# 721 Bug Fix???



## Ronster (Apr 24, 2002)

When is the software going to be downloaded to the 721 for 
bug fixes, slow motion, internet capability, and openTV. :shrug: 
Thanks.


----------



## Scott Greczkowski (Mar 21, 2002)

They will get it to us as soon as it is ready.

They are being very carefull in their testing of the 721 to make sure no major bugs are introduced when sending out software updated.

I wouldn't say there are bugs in the 721, although I have seen some quirks.


----------



## TerryC (Jul 18, 2002)

> _Originally posted by Scott Greczkowski _
> *
> 
> I wouldn't say there are bugs in the 721, although I have seen some quirks.  *


Tomato, ta-mah-ta...


----------



## Patrick G. (Sep 10, 2002)

Oh this thing definitely has bugs.


----------



## zimm0who0net (Aug 27, 2002)

> _Originally posted by Scott Greczkowski _
> *
> I wouldn't say there are bugs in the 721, although I have seen some quirks.  *


You're kidding, right???


----------



## sampatterson (Aug 27, 2002)

I would say there are bugs, just thankfully not as bad as the DP or when the 501 was first released. (or the DP now actually!)


----------



## jerryyyyy (Jul 19, 2002)

There are plenty of bugs in this system. Just look at the number of people who complain about missed recordings. I missed three this week.


----------



## Jacob S (Apr 14, 2002)

If they are not bugs then it is a hardware problem. Its either software or hardware related and I would rather it be a software problem anyday in which I know can be fixed. Bugs are software problems which are glitches. Lots of bugs!


----------



## Guest (Sep 15, 2002)

The following is from Echostar Knowledge Base:

PVR721 software upgrade coming in September

PVR events sorted by date, name, or theme 
Timers sorted by name, frequency, type, or recording sequence 
Change channels while recording without having to go through PIP 

Has it been done? The ones shipped this month would have this upgrade already?

Ruhi


----------



## LarryH (Jun 10, 2002)

> _Originally posted by rarslan _
> *The following is from Echostar Knowledge Base:
> 
> PVR721 software upgrade coming in September
> ...


No, this upgrade hasn't shipped yet. Everyone gets the updates at the same time (within a couple of weeks). The new units actually ship with an older rev and get updated to the latest software after they get connected to the satellite.


----------



## steveT (Jul 12, 2002)

That list doesn't mention bug fixes, which I hope is just an oversight, and that they will include bug fixes in this next software release (there's only TWELVE days left in September, Dish...)

The main bug for me is still the Mon-Fri timers. For the last few weeks, I've entered every timer as a one-time event, and it hasn't missed a single show. Now, that's great, but I'd certainly like to expand out and start entering M-F timers, weekly timers, maybe even just some auto-tunes. But at this point I wouldn't risk even trying anything other than single event timers. You'll never know which one it'll miss, and of course it'll be the most important one.

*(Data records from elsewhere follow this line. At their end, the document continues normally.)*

lemma set_integral_indicator_ball:
  fixes S :: "'a::euclidean_space set"
  assumes "S \<in> sets lebesgue"
  shows "set_integrable lebesgue (ball 0 r) (\<lambda>y. indicator S y :: real)"
    and "(LINT y:ball 0 r|lebesgue. (indicator S y :: real)) = measure lebesgue (ball 0 r \<inter> S)"
proof -
  have eq: "(\<lambda>y. indicator (ball 0 r) y *\<^sub>R (indicator S y :: real)) = indicator (ball 0 r \<inter> S)"
    by (auto simp: indicator_def)
  have "ball 0 r \<inter> S \<in> fmeasurable lebesgue"
    using assms by (intro fmeasurable_Int_fmeasurable) auto
  then show "set_integrable lebesgue (ball 0 r) (\<lambda>y. indicator S y :: real)"
    unfolding set_integrable_def eq by (intro integrable_real_indicator fmeasurableD) (auto simp: fmeasurable_def)
  show "(LINT y:ball 0 r|lebesgue. (indicator S y :: real)) = measure lebesgue (ball 0 r \<inter> S)"
    unfolding set_lebesgue_integral_def eq by simp
qed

Otherwise, I'm liking the 721 much better than those first few weeks. But that's only because I'm treating it with kid gloves. Whenever I even get close to more advanced features (like recording 2 things at once while watching a 3rd from disk), it starts getting buggy. Last time I tried that one, the 3rd show kept hanging and freezing, almost like the hard drive couldn't keep up.

Plus there's a disturbing little "clicking" noise I hear from the HD once in a while....


----------



## Scott Greczkowski (Mar 21, 2002)

Clicking Noises thats sound more like "clunk clunk" are not good noises.

Call Dish for a RMA if this is the sound you are hearing.


----------



## steveT (Jul 12, 2002)

Scott, it definitely sounds more like "click click" than "clunk clunk" (now there's a sentence no one's probably ever written before!...) So do you think clicks may not be a problem? If I go up to the receiver and listen, I can usually hear clicks every few seconds. But once last week I was doing the 300X fast-forward, and all of a sudden started hearing louder, faster clicks. That surprised me, because it's not like the HD spins faster during FF, right? 

I'd hate to have to RMA this one; it's already my 2nd unit, and Dish made the first RMA such a hassle...


----------



## Scott Greczkowski (Mar 21, 2002)

When your fast forwarding at fast speeds the heads move back and forth faster (while the platters themselves keep moving at the same RPM)

Click Click should be OK.


----------